Correlation Test for Two Continuous Variables — cor

This function is a wrapper for stats::cor.test function, except if method = "spearman" is selected and there are ties in at least one variable, in which case this is a wrapper for coin::spearman_test employing the approximate method.

Usage

cor_test(
  x,
  y,
  method = c("pearson", "kendall", "spearman"),
  seed = 68954857,
  nresample = 10000,
  exact = TRUE,
  verbose = FALSE,
  ...
)

Arguments

x: numeric vector (can include NA values).
y: numeric vector (can include NA values).
method: a character string indicating which correlation coefficient is to be used for the test. One of "pearson", "kendall", or "spearman", can be abbreviated to "p", "k", or "s".
seed: seed (only used if method = "spearman").
nresample: a positive integer, the number of Monte Carlo replicates used for the computation of the approximative reference distribution. Defaults to 10000. (only used if method = "spearman").
exact: should exact method be used. Ignored if method = "pearson" or if method = "spearman" and there are ties in x or y.
verbose: a logical variable indicating if warnings and messages should be displayed.
...: parameters passed to stats::cor.test or coin::spearman_test

Value

correlation estimate p value.

Details

The three methods each estimate the association between paired samples and compute a test of the value being zero. They use different measures of association, all in the range [-1, 1] with 0 indicating no association. These are sometimes referred to as tests of no correlation, but that term is often confined to the default method.

If method is "pearson", the test statistic is based on Pearson's product moment correlation coefficient cor(x, y) and follows a t distribution with length(x)-2 degrees of freedom if the samples follow independent normal distributions.

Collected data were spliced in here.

lemma extend_small_if_w_small:
  assumes d: "d \<in> Ult (subtopology X A) S" and x: "x \<in> topspace X" and e: "e > 0"
  obtains \<eta> where "\<eta> > 0" "\<And>y. y \<in> topspace X \<Longrightarrow> w x y < \<eta> \<Longrightarrow> extend d x y < e"
proof (cases "x \<in> A")
  case False
  have "extend d x y < e" if y: "y \<in> topspace X" "w x y < min e (distA x)" for y
  proof -
    have "retr y = retr x" using retr_locally_constant[OF x False y(1)] y(2) by simp
    then have "d (retr x) (retr y) = 0" using S_ultrametric_refl[OF Ult_A_S_ultrametric[OF d]] by simp
    then show ?thesis using f_collapse_dist_le_w[of x y] e y unfolding extend_eq[OF x y(1)] by simp
  qed
  moreover have "min e (distA x) > 0" using distA_pos[OF x False] e by simp
  ultimately show ?thesis using that by blast
next
  case True
  obtain \<eta> where \<eta>: "\<eta> > 0" "\<And>b. b \<in> A \<Longrightarrow> w x b < \<eta> \<Longrightarrow> d x b < e"
    using w_small_imp_small_on_A[OF d True e] by blast
  have "extend d x y < e" if y: "y \<in> topspace X" "w x y < min e (\<eta>/2)" for y
  proof -
    have ry: "retr y \<in> A" "w y (retr y) \<le> 2 * distA y" using retr_in_A_close[OF y(1)] True by auto
    have "w x (retr y) \<le> max (w x y) (w y (retr y))"
      using w_ultra[OF x _ y(1)] ry(1) A_subset by blast
    moreover have "w y (retr y) < \<eta>"
      using ry(2) distA_le[OF True, of y] w_sym[of x y] y(2) by linarith
    ultimately have "w x (retr y) < \<eta>" using y(2) w_nonneg[of x y] by linarith
    then have "d (retr x) (retr y) < e" using \<eta>(2) ry(1) retr_id[OF True] by simp
    then show ?thesis using f_collapse_dist_le_w[of x y] y unfolding extend_eq[OF x y(1)] by simp
  qed
  moreover have "min e (\<eta>/2) > 0" using \<eta>(1) e by simp
  ultimately show ?thesis using that by blast
qed
(* Let $V$ be a finite-dimensional super vector space over a field of characteristic $0$. For a Dirac structure $L\subseteq\mathcal{E}=\mathfrak{gl}(V)\oplus V$, let $W_L=\{x\in V:\ A+x\in L\text{ for some }A\in\mathfrak{gl}(V)\}$ and define $[x,y]_L=A(y)$ for $x,y\in W_L$, where $A$ is any element with $A+x\in L$. Then $[\cdot,\cdot]_L$ is well defined, takes values in $W_L$, and makes $W_L$ a Lie superalgebra; moreover the assignment $L\mapsto(W_L,[\cdot,\cdot]_L)$ is a bijection between the set of Dirac structures of the omni-Lie superalgebra $(\mathcal{E},[\![\cdot,\cdot]\!],\langle\cdot,\cdot\rangle)$ and the set of pairs $(W,[\cdot,\cdot]_W)$ with $W$ a graded subspace of $V$ and $[\cdot,\cdot]_W$ a Lie superalgebra structure on $W$. The inverse sends $(W,[\cdot,\cdot]_W)$ to $\{A+x:\ x\in W,\ A\in\mathfrak{gl}(V),\ A(y)=[x,y]_W\ \forall y\in W\}$.
   Context: $\mathfrak{gl}(V)$: linear endomorphisms of $V$ with natural $\mathbb{Z}_2$-grading and supercommutator $[A,B]=AB-(-1)^{|A||B|}BA$. $\mathcal{E}=\mathfrak{gl}(V)\oplus V$ graded by $\mathcal{E}_\alpha=\mathfrak{gl}(V)_\alpha\oplus V_\alpha$, homogeneous elements $A+x$ with $|A|=|x|$. Bracket: $[\![A+x,B+y]\!]=[A,B]+\tfrac12(Ay-(-1)^{|x||y|}Bx)$; $V$-valued pairing: $\langle A+x,B+y\rangle=\tfrac12(Ay+(-1)^{|x||y|}Bx)$. $F^\perp=\{e:\langle e,f\rangle=0\ \forall f\in F\}$. A Dirac structure is a graded subspace $L\subseteq\mathcal{E}$ with $L=L^\perp$ and $[\![L,L]\!]\subseteq L$. A Lie superalgebra is a super vector space with bilinear bracket satisfying $[L_\alpha,L_\beta]\subseteq L_{\alpha+\beta}$, $[x,y]=-(-1)^{|x||y|}[y,x]$, and $[x,[y,z]]=[[x,y],z]+(-1)^{|x||y|}[y,[x,z]]$. *)

theory Defs
  imports Complex_Main
begin

text \<open>Parities are booleans: False = even (0), True = odd (1); addition in Z2 is (\<noteq>).\<close>

definition super_vector_space :: "('k::field \<Rightarrow> 'v::ab_group_add \<Rightarrow> 'v) \<Rightarrow> 'v set \<Rightarrow> 'v set \<Rightarrow> bool" where
  "super_vector_space scale V0 V1 \<longleftrightarrow>
     vector_space scale \<and>
     (\<exists>B. finite B \<and> module.span scale B = UNIV) \<and>
     module.subspace scale V0 \<and> module.subspace scale V1 \<and>
     V0 \<inter> V1 = {0} \<and> (\<forall>x. \<exists>a\<in>V0. \<exists>b\<in>V1. x = a + b)"

definition deg :: "'v set \<Rightarrow> 'v set \<Rightarrow> bool \<Rightarrow> 'v set" where
  "deg V0 V1 \<alpha> = (if \<alpha> then V1 else V0)"

definition vpart :: "'v::ab_group_add set \<Rightarrow> 'v set \<Rightarrow> bool \<Rightarrow> 'v \<Rightarrow> 'v" where
  "vpart V0 V1 \<alpha> x = (THE y. y \<in> deg V0 V1 \<alpha> \<and> x - y \<in> deg V0 V1 (\<not> \<alpha>))"

definition psign :: "bool \<Rightarrow> bool \<Rightarrow> 'k::field" where
  "psign \<alpha> \<beta> = (if \<alpha> \<and> \<beta> then -1 else 1)"

text \<open>gl(V): linear endomorphisms; degree-alpha part of an endomorphism:
  A_alpha = sum over beta of pi_(alpha+beta) o A o pi_beta.\<close>
definition gl :: "('k::field \<Rightarrow> 'v::ab_group_add \<Rightarrow> 'v) \<Rightarrow> ('v \<Rightarrow> 'v) set" where
  "gl scale = {A. Vector_Spaces.linear scale scale A}"

definition apart :: "'v::ab_group_add set \<Rightarrow> 'v set \<Rightarrow> bool \<Rightarrow> ('v \<Rightarrow> 'v) \<Rightarrow> ('v \<Rightarrow> 'v)" where
  "apart V0 V1 \<alpha> A = (\<lambda>z. vpart V0 V1 \<alpha> (A (vpart V0 V1 False z))
                        + vpart V0 V1 (\<not> \<alpha>) (A (vpart V0 V1 True z)))"

text \<open>The omni-Lie superalgebra E = gl(V) (+) V: elements are pairs (A, x) standing for A + x.\<close>
type_synonym 'v omni = "('v \<Rightarrow> 'v) \<times> 'v"

definition E :: "('k::field \<Rightarrow> 'v::ab_group_add \<Rightarrow> 'v) \<Rightarrow> 'v omni set" where
  "E scale = {(A, x). A \<in> gl scale}"

definition eadd :: "'v::ab_group_add omni \<Rightarrow> 'v omni \<Rightarrow> 'v omni" where
  "eadd e f = (\<lambda>z. fst e z + fst f z, snd e + snd f)"

definition ezero :: "'v::ab_group_add omni" where
  "ezero = (\<lambda>z. 0, 0)"

definition escale :: "('k \<Rightarrow> 'v \<Rightarrow> 'v) \<Rightarrow> 'k \<Rightarrow> 'v omni \<Rightarrow> 'v omni" where
  "escale scale c e = (\<lambda>z. scale c (fst e z), scale c (snd e))"

definition epart :: "'v::ab_group_add set \<Rightarrow> 'v set \<Rightarrow> bool \<Rightarrow> 'v omni \<Rightarrow> 'v omni" where
  "epart V0 V1 \<alpha> e = (apart V0 V1 \<alpha> (fst e), vpart V0 V1 \<alpha> (snd e))"

definition hbr :: "('k::field \<Rightarrow> 'v::ab_group_add \<Rightarrow> 'v) \<Rightarrow> bool \<Rightarrow> bool \<Rightarrow> 'v omni \<Rightarrow> 'v omni \<Rightarrow> 'v omni" where
  "hbr scale \<alpha> \<beta> e f =
     (\<lambda>z. fst e (fst f z) - scale (psign \<alpha> \<beta>) (fst f (fst e z)),
      scale (1/2) (fst e (snd f) - scale (psign \<alpha> \<beta>) (fst f (snd e))))"

definition hpair :: "('k::field \<Rightarrow> 'v::ab_group_add \<Rightarrow> 'v) \<Rightarrow> bool \<Rightarrow> bool \<Rightarrow> 'v omni \<Rightarrow> 'v omni \<Rightarrow> 'v" where
  "hpair scale \<alpha> \<beta> e f = scale (1/2) (fst e (snd f) + scale (psign \<alpha> \<beta>) (fst f (snd e)))"

definition ebr :: "('k::field \<Rightarrow> 'v::ab_group_add \<Rightarrow> 'v) \<Rightarrow> 'v set \<Rightarrow> 'v set \<Rightarrow> 'v omni \<Rightarrow> 'v omni \<Rightarrow> 'v omni" where
  "ebr scale V0 V1 e f =
     eadd (eadd (hbr scale False False (epart V0 V1 False e) (epart V0 V1 False f))
                (hbr scale False True (epart V0 V1 False e) (epart V0 V1 True f)))
          (eadd (hbr scale True False (epart V0 V1 True e) (epart V0 V1 False f))
                (hbr scale True True (epart V0 V1 True e) (epart V0 V1 True f)))"

definition epair :: "('k::field \<Rightarrow> 'v::ab_group_add \<Rightarrow> 'v) \<Rightarrow> 'v set \<Rightarrow> 'v set \<Rightarrow> 'v omni \<Rightarrow> 'v omni \<Rightarrow> 'v" where
  "epair scale V0 V1 e f =
     hpair scale False False (epart V0 V1 False e) (epart V0 V1 False f)
   + hpair scale False True (epart V0 V1 False e) (epart V0 V1 True f)
   + hpair scale True False (epart V0 V1 True e) (epart V0 V1 False f)
   + hpair scale True True (epart V0 V1 True e) (epart V0 V1 True f)"

definition perp :: "('k::field \<Rightarrow> 'v::ab_group_add \<Rightarrow> 'v) \<Rightarrow> 'v set \<Rightarrow> 'v set \<Rightarrow> 'v omni set \<Rightarrow> 'v omni set" where
  "perp scale V0 V1 F = {e \<in> E scale. \<forall>f\<in>F. epair scale V0 V1 e f = 0}"

definition graded_subspace_E :: "('k::field \<Rightarrow> 'v::ab_group_add \<Rightarrow> 'v) \<Rightarrow> 'v set \<Rightarrow> 'v set \<Rightarrow> 'v omni set \<Rightarrow> bool" where
  "graded_subspace_E scale V0 V1 L \<longleftrightarrow>
     L \<subseteq> E scale \<and> ezero \<in> L \<and>
     (\<forall>e\<in>L. \<forall>f\<in>L. eadd e f \<in> L) \<and> (\<forall>c. \<forall>e\<in>L. escale scale c e \<in> L) \<and>
     (\<forall>e\<in>L. \<forall>\<alpha>. epart V0 V1 \<alpha> e \<in> L)"

definition dirac :: "('k::field \<Rightarrow> 'v::ab_group_add \<Rightarrow> 'v) \<Rightarrow> 'v set \<Rightarrow> 'v set \<Rightarrow> 'v omni set \<Rightarrow> bool" where
  "dirac scale V0 V1 L \<longleftrightarrow>
     graded_subspace_E scale V0 V1 L \<and> L = perp scale V0 V1 L \<and>
     (\<forall>e\<in>L. \<forall>f\<in>L. ebr scale V0 V1 e f \<in> L)"

definition graded_subspace_V :: "('k::field \<Rightarrow> 'v::ab_group_add \<Rightarrow> 'v) \<Rightarrow> 'v set \<Rightarrow> 'v set \<Rightarrow> 'v set \<Rightarrow> bool" where
  "graded_subspace_V scale V0 V1 W \<longleftrightarrow>
     module.subspace scale W \<and> (\<forall>x\<in>W. \<forall>\<alpha>. vpart V0 V1 \<alpha> x \<in> W)"

definition lie_superalgebra :: "('k::field \<Rightarrow> 'v::ab_group_add \<Rightarrow> 'v) \<Rightarrow> 'v set \<Rightarrow> 'v set \<Rightarrow> 'v set \<Rightarrow> ('v \<Rightarrow> 'v \<Rightarrow> 'v) \<Rightarrow> bool" where
  "lie_superalgebra scale V0 V1 W b \<longleftrightarrow>
     graded_subspace_V scale V0 V1 W \<and>
     (\<forall>x\<in>W. \<forall>y\<in>W. b x y \<in> W) \<and>
     (\<forall>x\<in>W. \<forall>x'\<in>W. \<forall>y\<in>W. b (x + x') y = b x y + b x' y \<and> b y (x + x') = b y x + b y x') \<and>
     (\<forall>c. \<forall>x\<in>W. \<forall>y\<in>W. b (scale c x) y = scale c (b x y) \<and> b y (scale c x) = scale c (b y x)) \<and>
     (\<forall>\<alpha> \<beta>. \<forall>x\<in>W \<inter> deg V0 V1 \<alpha>. \<forall>y\<in>W \<inter> deg V0 V1 \<beta>.
        b x y \<in> deg V0 V1 (\<alpha> \<noteq> \<beta>) \<and>
        b x y = - scale (psign \<alpha> \<beta>) (b y x) \<and>
        (\<forall>z\<in>W. b x (b y z) = b (b x y) z + scale (psign \<alpha> \<beta>) (b y (b x z))))"
lemma bridged_by_iff_components:
  fixes E :: "'a set set" and u v :: 'a
  defines "H \<equiv> insert {u, v} E"
  assumes "finite J" "b_num E J \<noteq> 0"
  shows "bridged_by E u v J \<longleftrightarrow>
    (\<forall>C\<in>components H J. even (card C)) \<and> \<not> (\<forall>C\<in>components E J. even (card C))"
proof
  assume bridged: "bridged_by E u v J"
  then have "u \<in> J" "connected_graph H J" unfolding bridged_by_def H_def by blast+
  moreover have "even (card J)" using b_num_bridged_by_odd[OF assms(2) bridged] assms(3) by blast
  moreover have "component_of E J u \<in> components E J"
    using \<open>u \<in> J\<close> unfolding components_def by blast
  ultimately show "(\<forall>C\<in>components H J. even (card C)) \<and> \<not> (\<forall>C\<in>components E J. even (card C))"
    using b_num_even_component[OF assms(2)] assms(3) components_connected by fastforce
next
  assume EC: "(\<forall>C\<in>components H J. even (card C)) \<and> \<not> (\<forall>C\<in>components E J. even (card C))"
  then have "J \<noteq> {}" by (auto simp: components_def)
  moreover have "\<forall>C\<in>components E J. odd (card C)"
    using b_num_even_component[OF assms(2)] assms(3) by blast
  ultimately show "bridged_by E u v J"
    using EC unfolding H_def by (intro bridged_by_odd_even_components) auto
qed

subsection \<open>Adding an edge\<close>

lemma sum_Pow_sum_subsets:
  assumes "finite W"
  shows "(\<Sum>I\<in>Pow W. \<Sum>J | J \<subseteq> I \<and> P J. g J (I - J)) = (\<Sum>J | J \<subseteq> W \<and> P J. \<Sum>K\<in>Pow (W - J). g J K)"
proof -
  let ?S = "{J. J \<subseteq> W \<and> P J}"
  have "(\<Sum>I\<in>Pow W. \<Sum>J | J \<subseteq> I \<and> P J. g J (I - J)) = (\<Sum>I\<in>Pow W. \<Sum>J | J \<in> ?S \<and> J \<subseteq> I. g J (I - J))"
    by (intro sum.cong refl arg_cong2[where f = sum]) auto
  also have "\<dots> = (\<Sum>J\<in>?S. \<Sum>I | I \<in> Pow W \<and> J \<subseteq> I. g J (I - J))"
    using assms by (intro sum.swap_restrict) (auto intro: finite_subset[of _ "Pow W"])
  also have "\<dots> = (\<Sum>J\<in>?S. \<Sum>K\<in>Pow (W - J). g J K)"
  proof (rule sum.cong[OF refl])
    fix J assume "J \<in> ?S"
    then show "(\<Sum>I | I \<in> Pow W \<and> J \<subseteq> I. g J (I - J)) = (\<Sum>K\<in>Pow (W - J). g J K)"
      by (intro sum.reindex_bij_witness[where i = "\<lambda>K. K \<union> J" and j = "\<lambda>I. I - J"]) auto
  qed
  finally show ?thesis .
qed

definition bridge_correction :: "'a set set \<Rightarrow> 'a \<Rightarrow> 'a \<Rightarrow> 'a set \<Rightarrow> int" where
  "bridge_correction E u v W =
     (\<Sum>J | J \<subseteq> W \<and> bridged_by E u v J. b_num E J * sa (recon (insert {u, v} E) J) (W - J))"

lemma bridge_correction_outside: "u \<notin> W \<or> v \<notin> W \<Longrightarrow> bridge_correction E u v W = 0"
  unfolding bridge_correction_def by (rule sum.neutral) (auto simp: bridged_by_def)
definition Kset :: "(real^2) set \<Rightarrow> (real^2 \<Rightarrow> real) \<Rightarrow> (real^2 \<Rightarrow> real^2) \<Rightarrow> bool" where
  "Kset \<Omega> u g \<longleftrightarrow> H10 \<Omega> u g \<and> (AE x in lebesgue_on \<Omega>. u x \<ge> 0)"

definition vi_sol :: "(real^2) set \<Rightarrow> (real^2 \<Rightarrow> real) \<Rightarrow> real \<Rightarrow> real \<Rightarrow>
    (real^2 \<Rightarrow> real) \<Rightarrow> (real^2 \<Rightarrow> real^2) \<Rightarrow> bool" where
  "vi_sol \<Omega> h0 \<beta> \<gamma> q gq \<longleftrightarrow> Kset \<Omega> q gq \<and>
     (\<forall>phi gphi. Kset \<Omega> phi gphi \<longrightarrow>
        (\<integral>x. (h0 x + \<beta>) ^ 3 * (gq x \<bullet> (gphi x - gq x)) \<partial>lebesgue_on \<Omega>)
        \<ge> (\<integral>x. h0 x * ((gphi x - gq x) $ 1) \<partial>lebesgue_on \<Omega>)
           - \<gamma> * (\<integral>x. phi x - q x \<partial>lebesgue_on \<Omega>))"

definition Gfun :: "(real^2) set \<Rightarrow> (real^2 \<Rightarrow> real) \<Rightarrow> real \<Rightarrow> real \<Rightarrow> real \<Rightarrow> real" where
  "Gfun \<Omega> h0 F \<beta> \<gamma> =
     (THE v. \<exists>q gq. vi_sol \<Omega> h0 \<beta> \<gamma> q gq \<and> v = (\<integral>x. q x \<partial>lebesgue_on \<Omega>) - F)"

definition regular_boundary :: "(real^2) set \<Rightarrow> bool" where
  "regular_boundary \<Omega> \<longleftrightarrow>
     (\<forall>p\<in>frontier \<Omega>. \<exists>r>0. \<exists>(R::real^2 \<Rightarrow> real^2) f f'. orthogonal_transformation R \<and>
        (\<forall>s. (f has_real_derivative f' s) (at s)) \<and> continuous_on UNIV f' \<and>
        \<Omega> \<inter> ball p r = {x \<in> ball p r. (R (x - p)) $ 2 < f ((R (x - p)) $ 1)})"

definition regular_on :: "(real^2 \<Rightarrow> real) \<Rightarrow> (real^2) set \<Rightarrow> bool" where
  "regular_on h W \<longleftrightarrow> continuous_on (closure W) h \<and>
     (\<exists>D. continuous_on (closure W) D \<and> (\<forall>x\<in>W. (h has_derivative (\<lambda>v. D x \<bullet> v)) (at x)))"

definition caseI :: "(real^2) set \<Rightarrow> (real^2 \<Rightarrow> real) \<Rightarrow> bool" where
  "caseI \<Omega> h0 \<longleftrightarrow>
     (\<forall>x\<in>\<Omega>. x $ 1 = 0 \<longrightarrow> h0 x = 0) \<and>
     (\<forall>x\<in>closure \<Omega>. x $ 1 \<noteq> 0 \<longrightarrow> h0 x > 0) \<and>
     (\<exists>\<alpha>::real. \<alpha> \<ge> 1 \<and> (\<exists>W h1. open W \<and> 0 \<in> W \<and> W \<subseteq> \<Omega> \<and> regular_on h1 W \<and>
        (\<forall>x\<in>closure W. h1 x > 0) \<and> (\<forall>x\<in>W. h0 x = \<bar>x $ 1\<bar> powr \<alpha> * h1 x)))"
(* Let $N\geq 1$ be an integer. Then for all $0<t<\pi/2$, \[ L_N(t)<t\sec^2 t-\tan t-\sum_{j=1}^{N-1}\frac{2j\cdot 2^{2j+2}(2^{2j+2}-1)|B_{2j+2}|}{(2j+2)!}t^{2j+1}-\frac{N\cdot 2^{2N+4}t^{2N+1}}{\pi^{2N}(\pi^2-4t^2)}-\frac{2^{2N+6}t^{2N+3}}{\pi^{2N}(\pi^2-4t^2)^2}<M_N(t), \] where \[ L_N(t)=\frac{N\cdot 2^{2N+4}t^{2N+1}}{\pi^{2N+2}}\left\{\frac{(2^{2N+2}-1)\pi^{2N+2}|B_{2N+2}|}{2\cdot(2N+2)!}-1\right\}+\frac{2^{2N+6}t^{2N+3}}{\pi^{2N+4}}\left\{\frac{(2^{2N+4}-1)\pi^{2N+4}|B_{2N+4}|}{2\cdot(2N+4)!}-1\right\} \] and \[ M_N(t)=\frac{N\cdot 2^{2N+2}t^{2N+1}}{\pi^{2N+2}}\sum_{k=2}^{\infty}\frac{1}{(2k-1)^{2N}k(k-1)}+\frac{2^{2N+2}t^{2N+3}}{\pi^{2N+4}}\sum_{k=2}^{\infty}\frac{1}{(2k-1)^{2N}k^2(k-1)^2}. \]
   Context: The Bernoulli numbers $B_n$ are defined by $\frac{t}{e^t-1}=\sum_{n=0}^\infty B_n\frac{t^n}{n!}$ for $|t|<2\pi$. An empty sum is understood to be zero. *)

theory Defs
  imports "HOL-Analysis.Analysis"
begin

text \<open>Bernoulli numbers B_n, defined by t/(e^t-1) = sum B_n t^n/n!
  (so B_1 = -1/2). Equivalently, via the standard recurrence
  B_0 = 1 and sum_{k=0}^{n} (n+1 choose k) B_k = 0 for n >= 1.\<close>
fun bernoulli :: "nat \<Rightarrow> real" where
  "bernoulli n = (if n = 0 then 1
     else - (\<Sum>k<n. real ((n+1) choose k) * bernoulli k) / real (n+1))"

end

theory Submission
  imports Defs
begin

(* With the poles u_k = (k + 1/2) pi of tan, the reflection formulas for Digamma and trigamma give
   tan t = sum_k (1/(u_k - t) - 1/(u_k + t)) and sec^2 t = sum_k (1/(u_k - t)^2 + 1/(u_k + t)^2).
   Expanding each pair geometrically, the Taylor coefficients of tan are A_m = sum_k 2/u_k^(2m+2);
   comparing with the formal identity X tan X = -iX + B(2iX) - B(4iX), where B(z) = z/(e^z - 1) is the
   generating function of the Bernoulli numbers, identifies A_m = 2^(2m+2) (2^(2m+2) - 1) |B_(2m+2)| / (2m+2)!.
   Hence t sec^2 t - tan t minus its first N Taylor terms is the sum over k of
   4N t^(2N+1) / (u^(2N) (u^2 - t^2)) + 4 t^(2N+3) / (u^(2N) (u^2 - t^2)^2) at u = u_k.
   The term k = 0 is the explicit part of the middle expression; for k >= 1, replacing u^2 - t^2 by the
   larger u^2 gives L_N (summing A_N and A_(N+1) without their first terms), and by the smaller
   u^2 - pi^2/4 gives M_N. *)

section \<open>Partial fractions of tan and sec squared\<close>

lemma Gamma_reflection_real:
  fixes x :: real
  assumes "0 < x" "x < 1"
  shows "Gamma x * Gamma (1 - x) = pi / sin (pi * x)"
proof -
  have "Gamma (complex_of_real x) * Gamma (1 - complex_of_real x) = of_real pi / sin (of_real pi * of_real x)"
    by (rule Gamma_reflection_complex)
  also have "1 - complex_of_real x = of_real (1 - x)" by simp
  finally have "of_real (Gamma x * Gamma (1 - x)) = (of_real (pi / sin (pi * x)) :: complex)"
    by (simp add: Gamma_complex_of_real sin_of_real[symmetric] del: of_real_diff)
  thus ?thesis using of_real_eq_iff by blast
qed
(* Let $\mathcal{P}$ be the class of unimodal probability measures on $\mathbb{R}$ (with its Borel $\sigma$-algebra) that admit a smooth and bounded density. Then the mode functional $\Gamma_{\text{mode}}:\mathcal{P}\to\mathbb{R}$ has infinite identifiable elicitation complexity with respect to $\mathcal{P}$. That is, there is no $k\in\mathbb{N}$ for which there exist a property $\hat\Gamma:\mathcal{P}\to\mathbb{R}^k$ that is both elicitable and identifiable, and a function $f:\mathbb{R}^k\to\mathbb{R}$ with $\Gamma_{\text{mode}}=f\circ\hat\Gamma$.
   Context: A property on a class $\mathcal{P}$ of probability measures on $(\mathcal{Y},\mathcal{F})$ is a map $\Gamma:\mathcal{P}\to\mathcal{R}$. A property $\Gamma:\mathcal{P}\to\mathcal{R}$ is elicitable if there is a loss function $L:\mathcal{R}\times\mathcal{Y}\to\mathbb{R}$ with $\{\Gamma(P)\}=\arg\min_r E_P L(r,Y)$ for every $P\in\mathcal{P}$. A property $\Gamma:\mathcal{P}\to\mathcal{R}\subseteq\mathbb{R}^k$ is identifiable if there is an identification function $V:\mathcal{R}\times\mathcal{Y}\to\mathbb{R}^k$ such that for all $P\in\mathcal{P}$ and $r\in\mathcal{R}$, $\Gamma(P)=r$ if and only if $E_P V(r,Y)=0$. The identifiable elicitation complexity of $\Gamma$ is the least $k$ such that $\Gamma=f\circ\hat\Gamma$ for some $\hat\Gamma:\mathcal{P}\to\mathbb{R}^k$ that is elicitable and identifiable and some $f:\mathbb{R}^k\to\mathcal{R}$; it is infinite if no such $k$ exists. Mode: for $P$ with distribution function $F$ and $\varepsilon>0$, a modal midpoint $\Gamma_\varepsilon(P)$ is any $x\in\arg\max_x\big(F(x+\varepsilon)-\lim_{z\uparrow x-\varepsilon}F(z)\big)$. If there is a sequence $\varepsilon_n\to0$ and a choice of modal midpoints $\Gamma_{\varepsilon_n}(P)$ converging to a real number, that limit is a mode of $P$ (for a continuous density it is the global maximizer of the density). $P$ is called unimodal if its mode is well-defined and unique; $\Gamma_{\text{mode}}(P)$ denotes this unique mode. *)

theory Defs
  imports "HOL-Probability.Probability"
begin

definition smooth_fun :: "(real \<Rightarrow> real) \<Rightarrow> bool" where
  "smooth_fun d \<longleftrightarrow> (\<forall>n x. ((deriv ^^ n) d) differentiable (at x))"

definition has_smooth_bounded_density :: "real measure \<Rightarrow> bool" where
  "has_smooth_bounded_density M \<longleftrightarrow>
     (\<exists>d. smooth_fun d \<and> bounded (range d) \<and> (\<forall>x. 0 \<le> d x) \<and>
          M = density lborel (\<lambda>x. ennreal (d x)))"

definition modal_midpoints :: "real measure \<Rightarrow> real \<Rightarrow> real set" where
  "modal_midpoints M \<epsilon> =
     {x. \<forall>y. cdf M (y + \<epsilon>) - Lim (at_left (y - \<epsilon>)) (cdf M)
            \<le> cdf M (x + \<epsilon>) - Lim (at_left (x - \<epsilon>)) (cdf M)}"

definition is_mode :: "real measure \<Rightarrow> real \<Rightarrow> bool" where
  "is_mode M m \<longleftrightarrow>
     (\<exists>\<epsilon> xs. (\<forall>n. 0 < \<epsilon> n) \<and> \<epsilon> \<longlonglongrightarrow> 0 \<and>
             (\<forall>n. xs n \<in> modal_midpoints M (\<epsilon> n)) \<and> xs \<longlonglongrightarrow> m)"

definition unimodal :: "real measure \<Rightarrow> bool" where
  "unimodal M \<longleftrightarrow> (\<exists>!m. is_mode M m)"

definition mode :: "real measure \<Rightarrow> real" where
  "mode M = (THE m. is_mode M m)"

If there are at least 4 complete pairs of observation, an asymptotic confidence interval is given based on Fisher's Z transform.

If method is "kendall" or "spearman", Kendall's tau or Spearman's rho statistic is used to estimate a rank-based measure of association. These tests may be used if the data do not necessarily come from a bivariate normal distribution.

The preferred method for a Spearman test is using the exact method, unless computation time is too high. This preferred method is obtained though stats::cor.test with exact = TRUE. When there are ties in either variable there is no exact method possible. Unfortunately if there are any ties the stats::cor.test function switches to the asymptotic method, which is especially troubling with small sample sizes. If there are ties cor_test will switch to the approximate method available in the coin::spearman_test.

Examples


set.seed(5432322)
x <- rnorm(20,0,3)
y <- x + rnorm(20,0,5)
cor_test(x,y, method = 'pearson')
#> [1] 0.003244366
cor_test(x,y, method = 'kendall')
#> [1] 0.0237345
cor_test(x,y, method = 'spearman')
#> [1] 0.01473093
# Adding ties
cor_test(c(x,x), c(y,y), method = 'spearman',
         seed = 1, nresample = 10000, verbose = TRUE)
#> Either "x" or "y" has ties, so using approximate method.
#> [1] 7e-04